** PROVIDED INFORMATION follows **

(* Let $(S,+)$ be a commutative semigroup, let $A\subseteq S$ be a $\mathcal{CR}$-set in $(S,+)$, and let $l\in\mathbb{N}$. Then the set $$\{(a,b)\in S\times S:\ \{a,a+b,a+2b,\ldots,a+lb\}\subseteq A\}$$ is a $\mathcal{CR}$-set in the semigroup $(S\times S,+)$ (with coordinatewise addition).
   Context: For a commutative semigroup $(S,+)$ and $r,n\in\mathbb{N}$, let $S^{r\times n}$ denote the set of $r\times n$ matrices with entries in $S$. For $M=(M_{ij})\in S^{r\times n}$ and a non-empty $\alpha\subseteq\{1,\ldots,r\}$, write $M_{\alpha j}=\sum_{i\in\alpha}M_{ij}$. A subset $A\subseteq S$ is a $\mathcal{CR}$-set (combinatorially rich set) if for every $n\in\mathbb{N}$ there exists $r\in\mathbb{N}$ such that for every $M\in S^{r\times n}$ there exist a non-empty set $\alpha\subseteq\{1,\ldots,r\}$ and $s\in S$ with $s+M_{\alpha j}\in A$ for all $j\in\{1,\ldots,n\}$. For $k\in\mathbb{N}$ and $b\in S$, $kb$ denotes $b+\cdots+b$ ($k$ times). *)

theory Defs
  imports Main "HOL-Library.Product_Plus"
begin

text \<open>Matrices in S^(r x n) are represented as functions M :: nat => nat => 'a,
 of which only the entries M i j with i in {1..r}, j in {1..n} matter.
 M_{alpha j} is the sum over i in alpha of M i j.\<close>

text \<open>Sum of f over a finite non-empty index set of naturals in a semigroup
 (no neutral element), taken in increasing order (order irrelevant by commutativity).\<close>
definition ssum :: "nat set \<Rightarrow> (nat \<Rightarrow> 'a::ab_semigroup_add) \<Rightarrow> 'a" where
  "ssum \<alpha> f = (let xs = sorted_list_of_set \<alpha> in
                  foldl (\<lambda>acc i. acc + f i) (f (hd xs)) (tl xs))"

definition CR_set :: "'a::ab_semigroup_add set \<Rightarrow> bool" where
  "CR_set A \<longleftrightarrow>
     (\<forall>n::nat \<ge> 1. \<exists>r::nat \<ge> 1. \<forall>M :: nat \<Rightarrow> nat \<Rightarrow> 'a.
        \<exists>\<alpha> s. \<alpha> \<subseteq> {1..r} \<and> \<alpha> \<noteq> {} \<and>
          (\<forall>j\<in>{1..n}. s + ssum \<alpha> (\<lambda>i. M i j) \<in> A))"

fun smul :: "nat \<Rightarrow> 'a::plus \<Rightarrow> 'a" where
  "smul 0 b = b"   (* unused convention; only k >= 1 is used *)
| "smul (Suc 0) b = b"
| "smul (Suc (Suc k)) b = smul (Suc k) b + b"

end

theory Submission
  imports Defs
begin

text \<open>Index the columns by pairs (j, k) with j \<le> n, k \<le> l, and let column (j, k) be
  a_j + k b_j, where (a_j, b_j) is column j of the given matrix over S \<times> S. A witness (\<alpha>, t) of
  the CR-property of A for this matrix gives the witness (\<alpha>, (t, s)) for the original one.
  As S need not have a neutral element, s cannot be 0: an arbitrary element x is added to
  every b-entry, and s is the sum of |\<alpha>| copies of x.\<close>

lemma foldl_add_hom:
  assumes "\<And>x y. h (x + y) = h x + h y"
  shows "h (foldl (\<lambda>acc i. acc + f i) u xs) = foldl (\<lambda>acc i. acc + h (f i)) (h u) xs"
  using assms by (induction xs arbitrary: u) simp_all

lemma ssum_add_hom:
  assumes "\<And>x y. h (x + y) = h x + h y"
  shows "h (ssum \<alpha> f) = ssum \<alpha> (\<lambda>i. h (f i))"
  unfolding ssum_def Let_def using assms by (rule foldl_add_hom)

lemma foldl_add_distrib:
  "foldl (\<lambda>acc i. acc + (f i + g i)) (u + v) xs
   = foldl (\<lambda>acc i. acc + f i) u xs + foldl (\<lambda>acc i. acc + g i) v xs"
  for f g :: "nat \<Rightarrow> 'a::ab_semigroup_add"
proof (induction xs arbitrary: u v)
  case (Cons a xs)
  have "u + v + (f a + g a) = (u + f a) + (v + g a)" by (simp add: ac_simps)
  then show ?case using Cons by simp
qed simp

lemma ssum_add: "ssum \<alpha> (\<lambda>i. f i + g i) = ssum \<alpha> f + ssum \<alpha> g"
  unfolding ssum_def Let_def by (rule foldl_add_distrib)

lemma smul_add: "smul k (x + y) = smul k x + smul k (y::'a::ab_semigroup_add)"
  by (induction k x rule: smul.induct) (simp_all add: ac_simps)

lemma ssum_smul: "ssum \<alpha> (\<lambda>i. smul k (f i)) = smul k (ssum \<alpha> f)"
  by (rule ssum_add_hom[symmetric]) (rule smul_add)

lemma ssum_prod: "ssum \<alpha> f = (ssum \<alpha> (\<lambda>i. fst (f i)), ssum \<alpha> (\<lambda>i. snd (f i)))"
  by (simp add: prod_eq_iff ssum_add_hom)

lemma CR_set_finite_columns:
  assumes "CR_set A" and "finite J"
  obtains r where "r \<ge> 1"
    and "\<And>N :: nat \<Rightarrow> 'b \<Rightarrow> 'a::ab_semigroup_add. \<exists>\<alpha> s. \<alpha> \<subseteq> {1..r} \<and> \<alpha> \<noteq> {} \<and>
           (\<forall>c\<in>J. s + ssum \<alpha> (\<lambda>i. N i c) \<in> A)"
proof -
  obtain h where h: "bij_betw h {1..card J} J"
    using ex_bij_betw_nat_finite_1[OF \<open>finite J\<close>] by blast
  obtain r where "r \<ge> 1" and R: "\<And>N :: nat \<Rightarrow> nat \<Rightarrow> 'a. \<exists>\<alpha> s. \<alpha> \<subseteq> {1..r} \<and> \<alpha> \<noteq> {} \<and>
      (\<forall>j\<in>{1..Suc (card J)}. s + ssum \<alpha> (\<lambda>i. N i j) \<in> A)"
    using \<open>CR_set A\<close>[unfolded CR_set_def, rule_format, of "Suc (card J)"] by auto
  show thesis
  proof (rule that[OF \<open>r \<ge> 1\<close>])
    fix N :: "nat \<Rightarrow> 'b \<Rightarrow> 'a"
    obtain \<alpha> s where "\<alpha> \<subseteq> {1..r}" "\<alpha> \<noteq> {}"
      and cols: "\<forall>j\<in>{1..Suc (card J)}. s + ssum \<alpha> (\<lambda>i. N i (h j)) \<in> A"
      using R[of "\<lambda>i j. N i (h j)"] by blast
    have "\<forall>c\<in>J. s + ssum \<alpha> (\<lambda>i. N i c) \<in> A"
    proof
      fix c assume "c \<in> J"
      then obtain j where "j \<in> {1..card J}" "c = h j"
        using bij_betw_imp_surj_on[OF h] by blast
      then show "s + ssum \<alpha> (\<lambda>i. N i c) \<in> A" using cols by auto
    qed
    with \<open>\<alpha> \<subseteq> {1..r}\<close> \<open>\<alpha> \<noteq> {}\<close> show "\<exists>\<alpha> s. \<alpha> \<subseteq> {1..r} \<and> \<alpha> \<noteq> {} \<and>
        (\<forall>c\<in>J. s + ssum \<alpha> (\<lambda>i. N i c) \<in> A)" by blast
  qed
qed

definition progression_matrix ::
    "(nat \<Rightarrow> nat \<Rightarrow> 'a \<times> 'a) \<Rightarrow> 'a \<Rightarrow> nat \<Rightarrow> nat \<times> nat \<Rightarrow> 'a::ab_semigroup_add" where
  "progression_matrix M x i c = (case c of (j, k) \<Rightarrow>
     if k = 0 then fst (M i j) else fst (M i j) + smul k (snd (M i j) + x))"

lemma ssum_progression_matrix:
  "ssum \<alpha> (\<lambda>i. progression_matrix M x i (j, k)) =
     (if k = 0 then ssum \<alpha> (\<lambda>i. fst (M i j))
      else ssum \<alpha> (\<lambda>i. fst (M i j)) + smul k (ssum \<alpha> (\<lambda>_. x) + ssum \<alpha> (\<lambda>i. snd (M i j))))"
  by (simp add: progression_matrix_def ssum_add ssum_smul ac_simps)

lemma progression_matrix_witness:
  assumes cols: "\<forall>c\<in>{1..n} \<times> {0..l}. t + ssum \<alpha> (\<lambda>i. progression_matrix M x i c) \<in> A"
    and "j \<in> {1..n}"
  shows "(t, ssum \<alpha> (\<lambda>_. x)) + ssum \<alpha> (\<lambda>i. M i j)
           \<in> {(a, b). a \<in> A \<and> (\<forall>k\<in>{1..l}. a + smul k b \<in> A)}"
proof -
  have "t + ssum \<alpha> (\<lambda>i. fst (M i j)) \<in> A"
    using cols \<open>j \<in> {1..n}\<close> ssum_progression_matrix[of \<alpha> M x j 0] by force
  moreover have "t + ssum \<alpha> (\<lambda>i. fst (M i j))
      + smul k (ssum \<alpha> (\<lambda>_. x) + ssum \<alpha> (\<lambda>i. snd (M i j))) \<in> A" if "k \<in> {1..l}" for k
    using cols \<open>j \<in> {1..n}\<close> that ssum_progression_matrix[of \<alpha> M x j k]
    by (force simp: add.assoc)
  ultimately show ?thesis
    by (subst ssum_prod) simp
qed

theorem theorem8:
  fixes A :: "'a::ab_semigroup_add set" and l :: nat
  assumes "CR_set A" and "l \<ge> 1"
  shows "CR_set ({(a, b). a \<in> A \<and> (\<forall>k\<in>{1..l}. a + smul k b \<in> A)} :: ('a \<times> 'a) set)"
  unfolding CR_set_def
proof (intro allI impI)
  fix n :: nat
  obtain r where "r \<ge> 1" and R: "\<And>N :: nat \<Rightarrow> nat \<times> nat \<Rightarrow> 'a. \<exists>\<alpha> t. \<alpha> \<subseteq> {1..r} \<and> \<alpha> \<noteq> {} \<and>
      (\<forall>c\<in>{1..n} \<times> {0..l}. t + ssum \<alpha> (\<lambda>i. N i c) \<in> A)"
    using CR_set_finite_columns[OF assms(1), of "{1..n} \<times> {0..l}"] by auto
  show "\<exists>r\<ge>1. \<forall>M :: nat \<Rightarrow> nat \<Rightarrow> 'a \<times> 'a. \<exists>\<alpha> s. \<alpha> \<subseteq> {1..r} \<and> \<alpha> \<noteq> {} \<and>
          (\<forall>j\<in>{1..n}. s + ssum \<alpha> (\<lambda>i. M i j) \<in> {(a, b). a \<in> A \<and> (\<forall>k\<in>{1..l}. a + smul k b \<in> A)})"
  proof (rule exI[of _ r], intro conjI allI \<open>r \<ge> 1\<close>)
    fix M :: "nat \<Rightarrow> nat \<Rightarrow> 'a \<times> 'a"
    obtain \<alpha> t where "\<alpha> \<subseteq> {1..r}" "\<alpha> \<noteq> {}"
      and cols: "\<forall>c\<in>{1..n} \<times> {0..l}. t + ssum \<alpha> (\<lambda>i. progression_matrix M undefined i c) \<in> A"
      using R[of "progression_matrix M undefined"] by blast
    show "\<exists>\<alpha> s. \<alpha> \<subseteq> {1..r} \<and> \<alpha> \<noteq> {} \<and>
        (\<forall>j\<in>{1..n}. s + ssum \<alpha> (\<lambda>i. M i j) \<in> {(a, b). a \<in> A \<and> (\<forall>k\<in>{1..l}. a + smul k b \<in> A)})"
    proof (rule exI[of _ \<alpha>], rule exI[of _ "(t, ssum \<alpha> (\<lambda>_. undefined))"], intro conjI ballI)
      show "\<alpha> \<subseteq> {1..r}" "\<alpha> \<noteq> {}" by fact+
    qed (rule progression_matrix_witness[OF cols])
  qed
qed

end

** End of PROVIDED INFORMATION **

» **WHAT YOU NEED TO DO**
Check every line above for the string "else" and copy those that have it.

» **ANSWER SECTION**
     if k = 0 then fst (M i j) else fst (M i j) + smul k (snd (M i j) + x))"
      else ssum \<alpha> (\<lambda>i. fst (M i j)) + smul k (ssum \<alpha> (\<lambda>_. x) + ssum \<alpha> (\<lambda>i. snd (M i j))))"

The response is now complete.